Wednesday, 16 December 2015

PhDs at the Christmas Table

Heading home for Christmas can be a mixed experience. 

On the one hand, it's a fantastic opportunity to get to spend a decent chunk of time with friends and family, and find out what they've been doing. If you're anything like me, most of your friends are going through exciting changes: buying homes, getting engaged, changing careers, gaining promotions. Your family might have plans to travel, hobbies they're taking up, kids who are turning into bright, talented teenagers.

Of course, in these situations the conversation inevitably turns to '..oh, how is your thesis going?' Personally, I find this a bit of a minefield. How do you answer? How much detail do you give? Do they really care?

To try and navigate these conversations, I sometimes have to remind myself of the following.

1. Of course they aren't going to remember the details of your thesis. That's ok.

If your loved ones are anything like mine, the second question after 'how is your thesis going?' is 'what are you studying again?'

After expending that much energy on something that matters that much to you, it can feel hurtful that your nearest and dearest don't remember the details. But they have lives to live and other things to get on with. 

A lack of knowledge about your thesis does not imply a lack of interest in you; the person doing the thesis. Unless this is asked in a snarky way, I take this is an opportunity to practice summarising my research succinctly.

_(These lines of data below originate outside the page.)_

(* Let $M$ be a positive integer, let $\{\alpha_i\}_{i=0}^{M}$ be a log-concave sequence of non-negative real numbers, and let $g(x)=\sum_{i=0}^{M}\alpha_{i}\binom{M}{i}(1-x)^{i}x^{M-i}$. Then for every $x\in(0,1)$, \[ \frac{M-1}{M}\,g'(x)^{2}\;\ge\; g(x)\,g''(x). \]
   Context: A non-negative sequence $\{a_i\}_{i=0}^{n}$ is called log-concave if, for indices $i,j$ with $i+j$ held fixed, the product $a_ia_j$ is a non-increasing function of $|i-j|$. $\binom{M}{i}$ is the ordinary binomial coefficient. *)

theory Defs
  imports "HOL-Analysis.Analysis"
begin

definition log_concave_seq :: "nat \<Rightarrow> (nat \<Rightarrow> real) \<Rightarrow> bool" where
  "log_concave_seq n a \<longleftrightarrow>
     (\<forall>i\<le>n. a i \<ge> 0) \<and>
     (\<forall>i j k l. i \<le> n \<longrightarrow> j \<le> n \<longrightarrow> k \<le> n \<longrightarrow> l \<le> n \<longrightarrow> i + j = k + l \<longrightarrow>
        \<bar>int i - int j\<bar> \<le> \<bar>int k - int l\<bar> \<longrightarrow> a k * a l \<le> a i * a j)"

end

theory Submission
  imports Defs
begin

text \<open>
  Write u = 1 - x, v = x, c_i = \<alpha>_i (M choose i) and T_i = u^i v^(M-i), so g(x) = \<Sum> c_i T_i.
  At an interior point x one has g' = \<Sum> c_i T_i P_i / (uv) and g'' = \<Sum> c_i T_i Q_i / (uv)^2,
  where P_i (the slope) and Q_i (the curvature) are explicit quadratics in u, v.  The claim is then
  equivalent to (M-1)(\<Sum> c_i T_i P_i)^2 - M (\<Sum> c_i T_i)(\<Sum> c_i T_i Q_i) \<ge> 0.

  Symmetrising this quadratic form in (i, j) and collecting the terms with i + j = n, it becomes
  (1/4) \<Sum>_n u^n v^(2M-n) S_n with S_n = \<Sum>_{i \<le> n} c_i c_(n-i) K_n(i), where
  K_n(i) = n(2M-n) - (2M-1)(2i-n)^2 is the "balance kernel".  Two facts give S_n \<ge> 0:
  (1) the kernel has mean zero against the weights (M choose i)(M choose (n-i)), a consequence of
      Vandermonde's identity; and
  (2) log-concavity makes \<alpha>_i \<alpha>_(n-i) decrease, like K_n(i), as i moves away from n/2,
      so Chebyshev's sum inequality applies.
\<close>

lemma absorption_choose: "(k + 1) * (M choose (k + 1)) = M * ((M - 1) choose k)"
  using times_binomial_minus1_eq[of "k + 1" M] by simp
(* Let $\sigma_1,\sigma_2>0$, $\rho\in\mathbb{R}$, and let $\psi_{11},\psi_{12},\psi_{22}:[0,\infty)\to\mathbb{R}$ be continuous functions, each a correlation function of a stationary isotropic univariate random field (in particular $\psi_{ij}(0)=1$); write $\psi_{21}=\psi_{12}$. Define $$C(r)=\begin{bmatrix}\sigma_1^2\psi_{11}(r)&\rho\sigma_1\sigma_2\psi_{12}(r)\\ \rho\sigma_1\sigma_2\psi_{12}(r)&\sigma_2^2\psi_{22}(r)\end{bmatrix},\qquad r\ge0.$$ (a) Suppose $\psi_{ij}$, $i,j=1,2$, are twice continuously differentiable on $(0,\infty)$ and: (i) $\psi_{ii}''(r)\ge0$ for all $r>0$, $i=1,2$; (ii) $\psi_{ij}(r)\to0$ and $r\psi_{ij}'(r)\to0$ as $r\to\infty$, $i,j=1,2$; (iii) $r\mapsto r\psi_{ij}''(r)$ is integrable on $(0,\infty)$, $i,j=1,2$; (iv) $\rho^2\le\inf_{r>0}\frac{\psi_{11}''(r)\psi_{22}''(r)}{(\psi_{12}''(r))^2}$. Then $C$ is positive definite in $\mathbb{R}$. (b) Suppose $\psi_{ij}$, $i,j=1,2$, are three times continuously differentiable on $(0,\infty)$ and: (i) $\psi_{ii}''(r)-r\psi_{ii}'''(r)\ge0$ for all $r>0$, $i=1,2$; (ii) $\psi_{ij}(r)\to0$, $r\psi_{ij}'(r)\to0$ and $r^2\psi_{ij}''(r)\to0$ as $r\to\infty$, $i,j=1,2$; (iii) $r\mapsto r\psi_{ij}''(r)-r^2\psi_{ij}'''(r)$ is integrable on $(0,\infty)$, $i,j=1,2$; (iv) $\rho^2\le\inf_{r>0}\frac{(\psi_{11}''(r)-r\psi_{11}'''(r))(\psi_{22}''(r)-r\psi_{22}'''(r))}{(\psi_{12}''(r)-r\psi_{12}'''(r))^2}$. Then $C$ is positive definite in $\mathbb{R}^3$.
   Context: A $2\times2$ matrix-valued function $C$ on $[0,\infty)$ is called positive definite in $\mathbb{R}^n$ if for every $p\in\mathbb{N}$, all $x_1,\dots,x_p\in\mathbb{R}^n$ and all $a_1,\dots,a_p\in\mathbb{R}^2$ one has $\sum_{i,j=1}^p a_i^T C(\|x_i-x_j\|)a_j\ge0$. In (a)(iv) the infimum is over those $r>0$ with $\psi_{12}''(r)\neq0$, and in (b)(iv) over those $r>0$ with $\psi_{12}''(r)-r\psi_{12}'''(r)\neq0$. *)

theory Defs
  imports "HOL-Analysis.Analysis"
begin
(* Let $\mathcal N$ be a null structure on an oriented three-dimensional (pseudo-)Riemannian manifold $(\mathcal M,g)$ which at every point is a principal null structure of $\Phi_{ab}$ of multiplicity exactly $2$. Suppose that for a generator $k^a$ of $\mathcal N$, $$k^ak^b\left(A_{abc}+3g_{bc}\nabla_aS\right)=0.$$ Then $\mathcal N$ is co-geodetic.
   Context: Abstract index notation; $\nabla$ the Levi-Civita connection; brackets denote (skew-)symmetrisation with weight $1/2$. $R_{abd}{}^cV^d=2\nabla_{[a}\nabla_{b]}V^c$, $R_{ab}=R_{acb}{}^c$, $R=R_a{}^a$, $\Phi_{ab}=R_{ab}-\frac13Rg_{ab}$, $S=\frac1{12}R$, Cotton tensor $A_{abc}=-2\nabla_{[b}\Phi_{c]a}+2g_{a[b}\nabla_{c]}S$. $g,\nabla$ extended complex-(bi)linearly to $T^{\mathbb C}\mathcal M$. A null structure is a complex line subbundle $\mathcal N\subset T^{\mathbb C}\mathcal M$ with $g(k,k)=0$ for all sections; a generator is a nowhere-vanishing section; $\mathcal N^\perp$ its orthogonal complement. $\mathcal N$ is co-geodetic if $g(\nabla_XY,Z)=0$ for all sections $X,Y$ of $\mathcal N^\perp$, $Z$ of $\mathcal N$. Multiplicity: pick a frame $(k,\ell,n)$ with $g(k,\ell)=1$, $g(n,n)=-\frac12$, other pairings zero; $\Phi_0=\frac12\Phi_{ab}k^ak^b$, $\Phi_1=\frac12\Phi_{ab}k^an^b$, $\Phi_2=\frac12\Phi_{ab}k^a\ell^b$, $\Phi_3=\frac12\Phi_{ab}\ell^an^b$, $\Phi_4=\frac12\Phi_{ab}\ell^a\ell^b$; the multiplicity of $\mathcal N$ as principal null structure is the multiplicity of the root $z=0$ of $\Phi_0+4\Phi_1z+6\Phi_2z^2+4\Phi_3z^3+\Phi_4z^4$. Thus multiplicity exactly 2 means $\Phi_0=\Phi_1=0\neq\Phi_2$ (equivalently $k_{[a}\Phi_{b]c}k^c=0$ but $\Phi_{ab}k^b\neq0$). *)

theory Defs
  imports "HOL-Analysis.Analysis" "HOL-Computational_Algebra.Polynomial"
begin
lemma Spow_telescoping:
  fixes F :: "int \<Rightarrow> int"
  assumes "a > 0" "0 \<le> d" "coprime a d" "1 \<le> s"
    and F: "\<And>x. F (x + a) = F x + \<kappa> * x ^ m"
  shows "\<kappa> * Spow a d s m = (\<Sum>j = 0..<a. F (apery a d s j)) - (\<Sum>r = 0..<a. F r)"
proof -
  let ?C = "\<lambda>j.
    {n. 0 \<le> n \<and> n < apery a d s j \<and> n mod a = apery a d s j mod a}"
  have "finite (?C j)" for j by (rule finite_subset[of _ "{0..<apery a d s j}"]) auto
  moreover have "?C i \<inter> ?C j = {}"
    if "i \<in> {0..<a}" "j \<in> {0..<a}" "i \<noteq> j" for i j
  proof -
    have "(i * d) mod a \<noteq> (j * d) mod a"
      using that inj_onD[OF bij_betw_imp_inj_on[OF bij_betw_mult_mod[OF assms(1,3)]]] by blast
    then show ?thesis by (auto simp: apery_mod)
  qed
  ultimately have "Spow a d s m = (\<Sum>j = 0..<a. \<Sum>n\<in>?C j. n ^ m)"
    unfolding Spow_def NR_eq_UN_residue_classes[OF assms(1-4)] by (intro sum.UNION_disjoint) auto
  then have "\<kappa> * Spow a d s m = (\<Sum>j = 0..<a. \<Sum>n\<in>?C j. \<kappa> * n ^ m)"
    by (simp add: sum_distrib_left)
  also have "\<dots> = (\<Sum>j = 0..<a. F (apery a d s j) - F (apery a d s j mod a))"
    using assms(1,2,4) apery_nonneg
    by (intro sum.cong refl sum_residue_class_telescope[where F = F, OF _ _ F]) auto
  also have "\<dots> = (\<Sum>j = 0..<a. F (apery a d s j)) - (\<Sum>j = 0..<a. F ((j * d) mod a))"
    by (simp add: sum_subtractf apery_mod)
  also have "(\<Sum>j = 0..<a. F ((j * d) mod a)) = (\<Sum>r = 0..<a. F r)"
    using sum.reindex_bij_betw[OF bij_betw_mult_mod[OF assms(1,3)]] .
  finally show ?thesis .
qed

lemma sum_apery_0:
  assumes "s > 0" "0 \<le> N"
  defines "c \<equiv> ceil_div N s"
  shows "2 * (\<Sum>j = 0..N. apery a d s j) = d * N * (N + 1) + a * c * (2 * N + s - s * c)"
  unfolding c_def apery_def sum_distrib_left
  by (rule sum_ceil_div_staircase[OF assms(1,2)]; simp add: algebra_simps)

lemma sum_apery_1:
  assumes "s > 0" "0 \<le> N"
  defines "c \<equiv> ceil_div N s"
  shows "6 * (\<Sum>j = 0..N. apery a d s j * (apery a d s j - a)) =
      d^2 * N * (N + 1) * (2 * N + 1) + 3 * a * d * N * (N + 1) * (2 * c - 1)
    - a * d * s * c * (c - 1) * (3 + s * (2 * c - 1))
    + 6 * a^2 * N * c * (c - 1) - 2 * a^2 * s * c * (c - 1) * (2 * c - 1)"
  unfolding c_def apery_def sum_distrib_left
  by (rule sum_ceil_div_staircase[OF assms(1,2)];
      simp add: algebra_simps power2_eq_square power3_eq_cube)

lemma sum_apery_2:
  assumes "s > 0" "0 \<le> N"
  defines "c \<equiv> ceil_div N s"
  shows "2 * (\<Sum>j = 0..N. apery a d s j * (apery a d s j - a) * (2 * apery a d s j - a)) =
      d^3 * N^2 * (N + 1)^2 + a * d^2 * N * (N + 1) * (2 * N + 1) * (2 * c - 1)
    - a * d^2 * s * c * (c - 1) * (1 + s * (2 * c - 1) + s^2 * c * (c - 1))
    + a^2 * d * N * (N + 1) * (6 * c^2 - 6 * c + 1)
    - a^2 * d * s * c * (c - 1) * (2 * (2 * c - 1) + 3 * s * c * (c - 1))
    + 2 * a^3 * N * c * (c - 1) * (2 * c - 1) - 3 * a^3 * s * c^2 * (c - 1)^2"
  unfolding c_def apery_def sum_distrib_left
  by (rule sum_ceil_div_staircase[OF assms(1,2)];
      simp add: algebra_simps power2_eq_square power3_eq_cube)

2. Just because they don't share your motivation, doesn't mean they aren't happy for you.

None of my family are particularly academically-minded, and the vast majority of my friends felt no need to do an MA (lucky them). Inevitably, this does lead to slightly uncomfortable questions: 'so are you going to be an academic?' (maybe, but unlikely) or 'HOW long is this going to take you!?' (6 years, most likely) or 'but, why?' (!??) And these questions, while difficult, shouldn't be read as an attack on your life choices. 

For example, I have 0% interest in having children of my own. It's not a desire I understand. But this doesn't make me unable to understand a friend's excitement when their child is learning to talk, or doing well at school. 

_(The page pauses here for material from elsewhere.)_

(* There is an absolute constant $c$ such that, for every instance, every arrival order, every admissible choice of the forests $\hat F^{(t)}_{{\rm inh},i}\subseteq\hat F^{(t)}_i$, and every level $i\ge0$, \[ \sum_{t=1}^{n}\bigl|\hat F^{(t)}_{i}\setminus\hat F^{(t)}_{{\rm inh},i}\bigr|\cdot 2^{i+1}\le c\cdot\mathsf{OPT}, \] where $\mathsf{OPT}$ is the cost of an optimal Steiner forest solution to the final instance $(\mathcal{M}^{(n)},D^{(n)})$.
   Context: An offline instance $(\mathcal{M},D)$ consists of demand pairs $D=\{(u_j,v_j)\}$ over a terminal set $V=\{u_j,v_j\}$, each terminal in exactly one pair (the other element of its pair is its mate), and a metric $\mathcal{M}$ on $V$ with all distances at least $1$, viewed as the complete graph on $V$ with edge costs equal to distances; a feasible solution is an edge set in which every pair is connected, and its cost is the sum of its edge costs. A clustering of $V$ is a partition of $V$; $\mathcal{M}/\mathscr{C}$ denotes the shortest-path metric on $\mathscr{C}$ of the graph obtained from the complete weighted graph on $V$ by contracting each cluster of $\mathscr{C}$ into a single vertex. For clusterings $\mathscr{C}_1$ of $V_1$ and $\mathscr{C}_2$ of $V_2$, write $\mathscr{C}_1\preceq\mathscr{C}_2$ if every cluster of $\mathscr{C}_1$ is contained in some cluster of $\mathscr{C}_2$. Clustering procedure: ${\sf level}(v)=\lceil\log_2{\sf dist}_{\mathcal{M}}(v,\text{mate of }v)\rceil$, ${\sf level}(C)=\max_{v\in C}{\sf level}(v)$, $L=\max_v{\sf level}(v)$. $\mathscr{C}_0$ is the singleton clustering. For $i=0,\dots,L$: $C\in\mathscr{C}_i$ is $i$-active if ${\sf level}(C)\ge i$; $H_i$ has as vertices the $i$-active clusters of $\mathscr{C}_i$, with an edge between distinct $C_1,C_2$ iff ${\sf dist}_{\mathcal{M}/\mathscr{C}_i}(C_1,C_2)<2^{i+1}$; $\mathscr{C}_{i+1}$ consists of the non-$i$-active clusters of $\mathscr{C}_i$ together with, for each connected component of $H_i$, the union of its clusters. Online setting: $n$ pairs arrive in order; for $1\le t\le n$ the instance $(\mathcal{M}^{(t)},D^{(t)})$ consists of the first $t$ pairs and the metric restricted to their terminals. Running the procedure yields $L^{(t)},\mathscr{C}^{(t)}_i,H^{(t)}_i$; for $i\ge L^{(t)}+1$, $\mathscr{C}^{(t)}_i:=\mathscr{C}^{(t)}_{L^{(t)}+1}$ and $H^{(t)}_i$ is empty; for $t=0$ all $\mathscr{C}^{(0)}_i,H^{(0)}_i$ are empty. It holds that $\mathscr{C}^{(t-1)}_i\preceq\mathscr{C}^{(t)}_i$. Virtual forests are chosen recursively in $t$: $\hat F^{(0)}_i=\emptyset$. Given the spanning forest $\hat F^{(t-1)}_i$ of $H^{(t-1)}_i$, for each edge $(C_1,C_2)\in\hat F^{(t-1)}_i$ let $D_1,D_2$ be the clusters of $\mathscr{C}^{(t)}_i$ containing $C_1,C_2$; if $D_1\ne D_2$ then $(D_1,D_2)$ is an edge of $H^{(t)}_i$, called inherited. Let $\hat F^{(t)}_{{\rm inh},i}$ be an arbitrary spanning forest of the subgraph of $H^{(t)}_i$ formed by its inherited edges, and let $\hat F^{(t)}_i$ be an arbitrary spanning forest of $H^{(t)}_i$ containing $\hat F^{(t)}_{{\rm inh},i}$ (these arbitrary choices are the "admissible choices"). *)

theory Defs
  imports Complex_Main
begin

Excitement is infectious. If you're excited about your research, your loved ones will understand that, even if they don't understand your motivation.

3. They don't care about your research...

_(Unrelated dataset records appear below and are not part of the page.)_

(* Let $T$ be RC-viable with respect to $S$. Then one of the following holds: (i) there is an edge $(u,v)$ of $T_{H(S)}$, with $v$ the parent of $u$, that satisfies the reaching criterion; or (ii) $T$ is recursively self-sufficient; in particular $V$ can be partitioned into subtrees $Q_s$, $s\in S$, with $s\in Q_s$ and $f(Q_s,s)\le\mathcal{T}$.
   Context: Let $T_{\mathrm{in}}=(V_{\mathrm{in}},E_{\mathrm{in}})$ be a finite tree; subtrees are identified with their vertex sets. $f:2^{V_{\mathrm{in}}}\times V_{\mathrm{in}}\to[0,+\infty]$ is minmax monotone: (1) $f(\{s\},s)=0$, and $f(U,s)=+\infty$ if $U$ is not a subtree or $s\notin U$; (2) $s\in U_1\subseteq U_2\Rightarrow f(U_1,s)\le f(U_2,s)$; (3) if $U$ is a subtree, $s\notin U$, and $s$ is adjacent to $u\in U$, then $f(U\cup\{s\},s)\ge f(U,u)$; (4) if $U$ is a subtree, $s\in U$, and $U_1,\dots,U_t$ are the vertex sets of the components of the tree induced by $U$ minus $s$, then $f(U,s)=\max_i f(U_i\cup\{s\},s)$. Fix $\mathcal{T}\ge0$. $T=(V,E)$ is a subtree of $T_{\mathrm{in}}$ and $S\subseteq V$ a set of leaves of $T$ with $|S|\ge2$, $|V|>2$. For an edge $(u,v)$, $T_{-v}(u)$ is the component of $T-v$ containing $u$, with vertex set $V_{-v}(u)$. Hub tree: $V_{H(S)}$ is the union of the vertex sets of the paths in $T$ between all pairs of sinks in $S$; $T_{H(S)}$ is the subtree induced by $V_{H(S)}$, and $T$ is rooted at a non-sink vertex $r\in V_{H(S)}$ such that at least two of the components of $T-r$ contain sinks; for $w\in V$, $T(w)=(V(w),E(w))$ is the subtree consisting of $w$ and its descendants (so $T(r)=T$). If $w\in V_{H(S)}$ and $\eta\notin V_{H(S)}$ is a neighbour of $w$, then $T_{-w}(\eta)$ is an outstanding branch attached to $w$. $T$ is RC-viable with respect to $S$ if for every outstanding branch with vertex set $V'$ attached to $w\in V_{H(S)}$, $f(V'\cup\{w\},w)\le\mathcal{T}$. $\mathrm{BP}(a,a)$, for $a\in V_{H(S)}$, is $a$ together with the vertices of all outstanding branches attached to $a$. A subtree $T'$ with vertex set $V'$ is self-sufficient if $V'$ can be partitioned into subtrees $Q_s$, $s\in S\cap V'$, with $s\in Q_s$ and $f(Q_s,s)\le\mathcal{T}$. $T(v)$ ($v\in V_{H(S)}$) is recursively self-sufficient if $T(w)$ is self-sufficient for every $w\in V_{H(S)}\cap V(v)$; $T$ is recursively self-sufficient if $T(r)$ is. The ordered pair $(u,v)\in V_{H(S)}\times V_{H(S)}$ satisfies the reaching criterion if $v$ is the parent of $u$ in $T_{H(S)}$, $T_{-v}(u)$ is self-sufficient, and the subtree induced by $\mathrm{BP}(v,v)\cup V_{-v}(u)$ is not self-sufficient. *)

theory Defs
  imports "HOL-Library.Extended_Nonnegative_Real"
begin

definition connected_in :: "('v \<times> 'v) set \<Rightarrow> 'v set \<Rightarrow> bool" where
  "connected_in E W \<longleftrightarrow> (\<forall>x\<in>W. \<forall>y\<in>W. (x, y) \<in> (E \<inter> W \<times> W)\<^sup>*)"

definition is_tree :: "'v set \<Rightarrow> ('v \<times> 'v) set \<Rightarrow> bool" where
  "is_tree V E \<longleftrightarrow> finite V \<and> V \<noteq> {} \<and> E \<subseteq> V \<times> V \<and> sym E \<and> (\<forall>x. (x, x) \<notin> E)
     \<and> connected_in E V
     \<and> (\<forall>x y. (x, y) \<in> E \<longrightarrow> (x, y) \<notin> (E - {(x, y), (y, x)})\<^sup>*)"

text \<open>Subtrees of the input tree are identified with their vertex sets: nonempty vertex
  sets inducing a connected subgraph.\<close>
definition is_subtree :: "'v set \<Rightarrow> ('v \<times> 'v) set \<Rightarrow> 'v set \<Rightarrow> bool" where
  "is_subtree Vin Ein U \<longleftrightarrow> U \<noteq> {} \<and> U \<subseteq> Vin \<and> connected_in Ein U"

definition comp_of :: "('v \<times> 'v) set \<Rightarrow> 'v set \<Rightarrow> 'v \<Rightarrow> 'v set" where
  "comp_of E W x = {y \<in> W. (x, y) \<in> (E \<inter> W \<times> W)\<^sup>*}"

definition components :: "('v \<times> 'v) set \<Rightarrow> 'v set \<Rightarrow> 'v set set" where
  "components E W = (comp_of E W) ` W"

definition is_path :: "'v set \<Rightarrow> ('v \<times> 'v) set \<Rightarrow> 'v list \<Rightarrow> 'v \<Rightarrow> 'v \<Rightarrow> bool" where
  "is_path V E p a b \<longleftrightarrow> p \<noteq> [] \<and> hd p = a \<and> last p = b \<and> distinct p \<and> set p \<subseteq> V
     \<and> successively (\<lambda>x y. (x, y) \<in> E) p"

definition minmax_monotone ::
  "'v set \<Rightarrow> ('v \<times> 'v) set \<Rightarrow> ('v set \<Rightarrow> 'v \<Rightarrow> ennreal) \<Rightarrow> bool" where
  "minmax_monotone Vin Ein f \<longleftrightarrow>
     (\<forall>s\<in>Vin. f {s} s = 0)
   \<and> (\<forall>U. \<forall>s\<in>Vin. U \<subseteq> Vin \<longrightarrow> (\<not> is_subtree Vin Ein U \<or> s \<notin> U) \<longrightarrow> f U s = \<infinity>)
   \<and> (\<forall>U1 U2 s. U2 \<subseteq> Vin \<longrightarrow> is_subtree Vin Ein U1 \<longrightarrow> s \<in> U1 \<longrightarrow> U1 \<subseteq> U2
        \<longrightarrow> f U1 s \<le> f U2 s)
   \<and> (\<forall>U s u. is_subtree Vin Ein U \<longrightarrow> s \<in> Vin \<longrightarrow> s \<notin> U \<longrightarrow> u \<in> U \<longrightarrow> (s, u) \<in> Ein
        \<longrightarrow> f (U \<union> {s}) s \<ge> f U u)
   \<and> (\<forall>U s. is_subtree Vin Ein U \<longrightarrow> s \<in> U
        \<longrightarrow> f U s = (SUP C \<in> components Ein (U - {s}). f (C \<union> {s}) s))"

No, seriously. Most of them really don't care.

4. ....what they care about is you and the fact that you're doing it. And that's the most valuable thing.

In all of these situations, you're seeing these people because you care about them and they care about you. And that's the key to all of this. I know that my parents will never have a real interest in the dynamics of late medieval gender. But I do know that they care about me, and want to support me. 

If you need that support - and your loved ones can offer it - don't turn it down because they don't care whether you use Chicago or MLA. 

5. It's Christmas. If you really don't want to talk about your research, don't.

There are periods where the thesis gets difficult and awful and we just want to get away from it. And if this is true for your this Christmas, that's ok. It's ok to use Christmas as a break away from your thesis.*

And it's perfectly possible to be gracious if you don't want to talk about your thesis. 'I'm finding it quite difficult at the moment, but it can wait for January. I want to hear more about your [new job/ newhome/wedding plans].'

*Just make sure that you get what you need (support, writing help, careers guidance) when term kicks off again.